Top of Task data
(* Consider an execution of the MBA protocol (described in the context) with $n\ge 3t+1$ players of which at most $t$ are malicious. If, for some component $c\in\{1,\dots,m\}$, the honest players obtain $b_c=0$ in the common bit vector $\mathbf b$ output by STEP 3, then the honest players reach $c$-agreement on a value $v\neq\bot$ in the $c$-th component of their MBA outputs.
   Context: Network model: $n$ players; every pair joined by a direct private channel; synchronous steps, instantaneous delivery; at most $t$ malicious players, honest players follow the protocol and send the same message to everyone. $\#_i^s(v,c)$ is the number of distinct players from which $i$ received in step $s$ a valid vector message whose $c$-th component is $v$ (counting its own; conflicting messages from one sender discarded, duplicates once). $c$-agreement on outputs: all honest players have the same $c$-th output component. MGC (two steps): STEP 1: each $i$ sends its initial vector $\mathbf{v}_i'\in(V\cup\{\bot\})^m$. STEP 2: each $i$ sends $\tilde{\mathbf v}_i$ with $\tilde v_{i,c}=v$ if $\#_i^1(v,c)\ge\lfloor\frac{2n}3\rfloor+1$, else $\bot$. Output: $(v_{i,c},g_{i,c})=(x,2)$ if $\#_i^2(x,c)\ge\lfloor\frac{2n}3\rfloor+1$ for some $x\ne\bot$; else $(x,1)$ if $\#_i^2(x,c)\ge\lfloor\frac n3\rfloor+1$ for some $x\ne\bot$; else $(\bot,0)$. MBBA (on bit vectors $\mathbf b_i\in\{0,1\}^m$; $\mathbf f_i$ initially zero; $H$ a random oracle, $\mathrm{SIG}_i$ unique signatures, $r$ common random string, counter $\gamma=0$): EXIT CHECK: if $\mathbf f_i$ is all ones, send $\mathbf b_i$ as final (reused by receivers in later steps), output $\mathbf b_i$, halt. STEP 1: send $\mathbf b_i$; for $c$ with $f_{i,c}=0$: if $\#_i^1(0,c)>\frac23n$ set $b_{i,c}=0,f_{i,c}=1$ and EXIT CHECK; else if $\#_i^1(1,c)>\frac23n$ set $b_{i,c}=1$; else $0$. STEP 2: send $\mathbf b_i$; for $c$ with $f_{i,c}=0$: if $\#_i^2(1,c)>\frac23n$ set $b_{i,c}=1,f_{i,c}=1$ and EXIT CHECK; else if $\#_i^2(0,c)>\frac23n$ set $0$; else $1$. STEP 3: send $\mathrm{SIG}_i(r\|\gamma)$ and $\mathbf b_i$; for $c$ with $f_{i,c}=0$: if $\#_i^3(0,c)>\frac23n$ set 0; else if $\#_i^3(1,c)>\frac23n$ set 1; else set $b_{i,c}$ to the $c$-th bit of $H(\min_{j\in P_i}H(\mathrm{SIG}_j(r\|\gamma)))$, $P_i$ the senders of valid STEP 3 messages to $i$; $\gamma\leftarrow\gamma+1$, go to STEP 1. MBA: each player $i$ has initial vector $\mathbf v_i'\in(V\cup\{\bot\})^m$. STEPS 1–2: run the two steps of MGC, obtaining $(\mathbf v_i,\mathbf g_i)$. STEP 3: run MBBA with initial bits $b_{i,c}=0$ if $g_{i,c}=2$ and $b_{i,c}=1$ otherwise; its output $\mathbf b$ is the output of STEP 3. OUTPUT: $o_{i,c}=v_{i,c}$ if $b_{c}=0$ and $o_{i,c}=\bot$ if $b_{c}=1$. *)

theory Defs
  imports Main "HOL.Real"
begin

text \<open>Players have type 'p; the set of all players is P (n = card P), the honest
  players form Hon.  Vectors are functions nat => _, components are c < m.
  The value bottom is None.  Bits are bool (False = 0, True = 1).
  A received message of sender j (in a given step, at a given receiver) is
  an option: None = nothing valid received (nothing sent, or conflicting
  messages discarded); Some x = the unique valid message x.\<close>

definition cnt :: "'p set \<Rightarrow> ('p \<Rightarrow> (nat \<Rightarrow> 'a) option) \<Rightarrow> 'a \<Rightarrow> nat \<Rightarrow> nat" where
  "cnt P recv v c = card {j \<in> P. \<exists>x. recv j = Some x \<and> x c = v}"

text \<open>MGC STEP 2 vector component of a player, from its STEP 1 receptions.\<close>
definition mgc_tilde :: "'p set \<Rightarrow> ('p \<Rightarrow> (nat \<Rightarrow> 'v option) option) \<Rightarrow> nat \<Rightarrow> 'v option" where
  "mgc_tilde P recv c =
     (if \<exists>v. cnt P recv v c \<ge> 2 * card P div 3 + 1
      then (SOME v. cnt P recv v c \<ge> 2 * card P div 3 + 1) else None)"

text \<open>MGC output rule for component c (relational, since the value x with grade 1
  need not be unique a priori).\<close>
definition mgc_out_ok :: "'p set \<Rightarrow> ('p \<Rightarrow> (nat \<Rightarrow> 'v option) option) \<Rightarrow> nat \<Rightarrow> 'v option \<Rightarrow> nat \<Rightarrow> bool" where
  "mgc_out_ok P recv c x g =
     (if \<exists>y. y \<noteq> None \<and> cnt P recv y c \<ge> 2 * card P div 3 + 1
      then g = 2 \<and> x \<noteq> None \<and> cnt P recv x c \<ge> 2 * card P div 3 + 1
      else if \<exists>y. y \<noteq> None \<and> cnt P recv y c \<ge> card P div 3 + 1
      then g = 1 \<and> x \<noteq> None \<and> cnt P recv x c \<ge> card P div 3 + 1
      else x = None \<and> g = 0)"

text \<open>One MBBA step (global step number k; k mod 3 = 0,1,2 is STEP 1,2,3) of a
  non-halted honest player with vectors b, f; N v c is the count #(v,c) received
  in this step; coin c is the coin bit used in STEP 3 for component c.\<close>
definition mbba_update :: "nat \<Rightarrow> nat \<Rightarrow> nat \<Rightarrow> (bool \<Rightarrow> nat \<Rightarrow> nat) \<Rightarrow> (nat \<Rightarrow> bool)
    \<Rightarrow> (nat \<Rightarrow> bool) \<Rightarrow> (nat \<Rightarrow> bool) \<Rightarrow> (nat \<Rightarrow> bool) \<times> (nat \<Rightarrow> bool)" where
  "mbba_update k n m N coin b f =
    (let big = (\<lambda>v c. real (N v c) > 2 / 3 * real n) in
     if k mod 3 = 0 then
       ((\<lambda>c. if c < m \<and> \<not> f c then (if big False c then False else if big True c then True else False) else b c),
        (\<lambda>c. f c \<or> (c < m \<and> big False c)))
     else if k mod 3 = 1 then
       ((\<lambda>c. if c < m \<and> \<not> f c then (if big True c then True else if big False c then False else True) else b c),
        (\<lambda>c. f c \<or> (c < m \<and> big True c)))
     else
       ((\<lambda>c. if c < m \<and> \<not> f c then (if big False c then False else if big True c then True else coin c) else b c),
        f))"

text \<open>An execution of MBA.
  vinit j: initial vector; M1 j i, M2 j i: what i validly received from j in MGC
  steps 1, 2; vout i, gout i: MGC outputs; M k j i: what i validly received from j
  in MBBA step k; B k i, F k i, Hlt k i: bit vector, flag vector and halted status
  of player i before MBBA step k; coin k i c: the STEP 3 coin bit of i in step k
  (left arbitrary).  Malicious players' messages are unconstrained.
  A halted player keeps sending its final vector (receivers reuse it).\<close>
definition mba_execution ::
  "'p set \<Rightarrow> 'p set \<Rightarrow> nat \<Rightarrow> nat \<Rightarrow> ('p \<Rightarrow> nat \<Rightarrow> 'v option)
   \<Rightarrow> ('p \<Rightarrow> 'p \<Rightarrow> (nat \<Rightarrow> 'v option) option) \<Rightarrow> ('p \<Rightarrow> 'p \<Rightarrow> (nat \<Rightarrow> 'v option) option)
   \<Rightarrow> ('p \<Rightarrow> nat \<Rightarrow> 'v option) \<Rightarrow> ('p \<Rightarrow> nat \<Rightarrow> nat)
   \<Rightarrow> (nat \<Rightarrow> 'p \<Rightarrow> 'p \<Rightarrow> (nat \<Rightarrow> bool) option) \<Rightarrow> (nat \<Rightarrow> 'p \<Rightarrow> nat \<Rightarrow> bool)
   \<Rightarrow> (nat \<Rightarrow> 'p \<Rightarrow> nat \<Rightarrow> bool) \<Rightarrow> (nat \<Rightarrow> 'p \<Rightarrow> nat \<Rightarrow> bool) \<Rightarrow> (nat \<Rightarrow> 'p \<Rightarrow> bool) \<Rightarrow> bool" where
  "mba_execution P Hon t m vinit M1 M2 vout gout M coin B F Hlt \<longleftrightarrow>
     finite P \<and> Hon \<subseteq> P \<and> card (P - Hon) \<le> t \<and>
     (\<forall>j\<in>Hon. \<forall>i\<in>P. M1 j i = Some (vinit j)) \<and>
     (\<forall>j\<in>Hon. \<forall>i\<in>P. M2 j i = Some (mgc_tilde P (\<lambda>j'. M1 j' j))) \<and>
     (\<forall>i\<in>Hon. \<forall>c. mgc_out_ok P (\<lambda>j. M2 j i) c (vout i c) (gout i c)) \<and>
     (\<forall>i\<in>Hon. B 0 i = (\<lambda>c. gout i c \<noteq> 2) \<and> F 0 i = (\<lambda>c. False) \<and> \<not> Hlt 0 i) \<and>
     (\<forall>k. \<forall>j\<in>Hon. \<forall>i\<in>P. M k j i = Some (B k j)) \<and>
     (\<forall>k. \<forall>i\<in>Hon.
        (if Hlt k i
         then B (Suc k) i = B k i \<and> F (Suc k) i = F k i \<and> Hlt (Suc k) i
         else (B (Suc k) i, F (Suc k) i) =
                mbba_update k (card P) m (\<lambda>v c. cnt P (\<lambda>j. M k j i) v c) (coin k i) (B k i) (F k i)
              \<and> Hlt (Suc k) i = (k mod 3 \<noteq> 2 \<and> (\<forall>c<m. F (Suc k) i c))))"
Bottom of Task data
→ **Your instructions**:
Could you transcribe the entries above word for word, from the line with "players form Hon." down to the line with "else if \<exists>y.", keeping both?

→ **Expected answer**:
  players form Hon.  Vectors are functions nat => _, components are c < m.
  The value bottom is None.  Bits are bool (False = 0, True = 1).
  A received message of sender j (in a given step, at a given receiver) is
  an option: None = nothing valid received (nothing sent, or conflicting
  messages discarded); Some x = the unique valid message x.\<close>

definition cnt :: "'p set \<Rightarrow> ('p \<Rightarrow> (nat \<Rightarrow> 'a) option) \<Rightarrow> 'a \<Rightarrow> nat \<Rightarrow> nat" where
  "cnt P recv v c = card {j \<in> P. \<exists>x. recv j = Some x \<and> x c = v}"

text \<open>MGC STEP 2 vector component of a player, from its STEP 1 receptions.\<close>
definition mgc_tilde :: "'p set \<Rightarrow> ('p \<Rightarrow> (nat \<Rightarrow> 'v option) option) \<Rightarrow> nat \<Rightarrow> 'v option" where
  "mgc_tilde P recv c =
     (if \<exists>v. cnt P recv v c \<ge> 2 * card P div 3 + 1
      then (SOME v. cnt P recv v c \<ge> 2 * card P div 3 + 1) else None)"

text \<open>MGC output rule for component c (relational, since the value x with grade 1
  need not be unique a priori).\<close>
definition mgc_out_ok :: "'p set \<Rightarrow> ('p \<Rightarrow> (nat \<Rightarrow> 'v option) option) \<Rightarrow> nat \<Rightarrow> 'v option \<Rightarrow> nat \<Rightarrow> bool" where
  "mgc_out_ok P recv c x g =
     (if \<exists>y. y \<noteq> None \<and> cnt P recv y c \<ge> 2 * card P div 3 + 1
      then g = 2 \<and> x \<noteq> None \<and> cnt P recv x c \<ge> 2 * card P div 3 + 1
      else if \<exists>y. y \<noteq> None \<and> cnt P recv y c \<ge> card P div 3 + 1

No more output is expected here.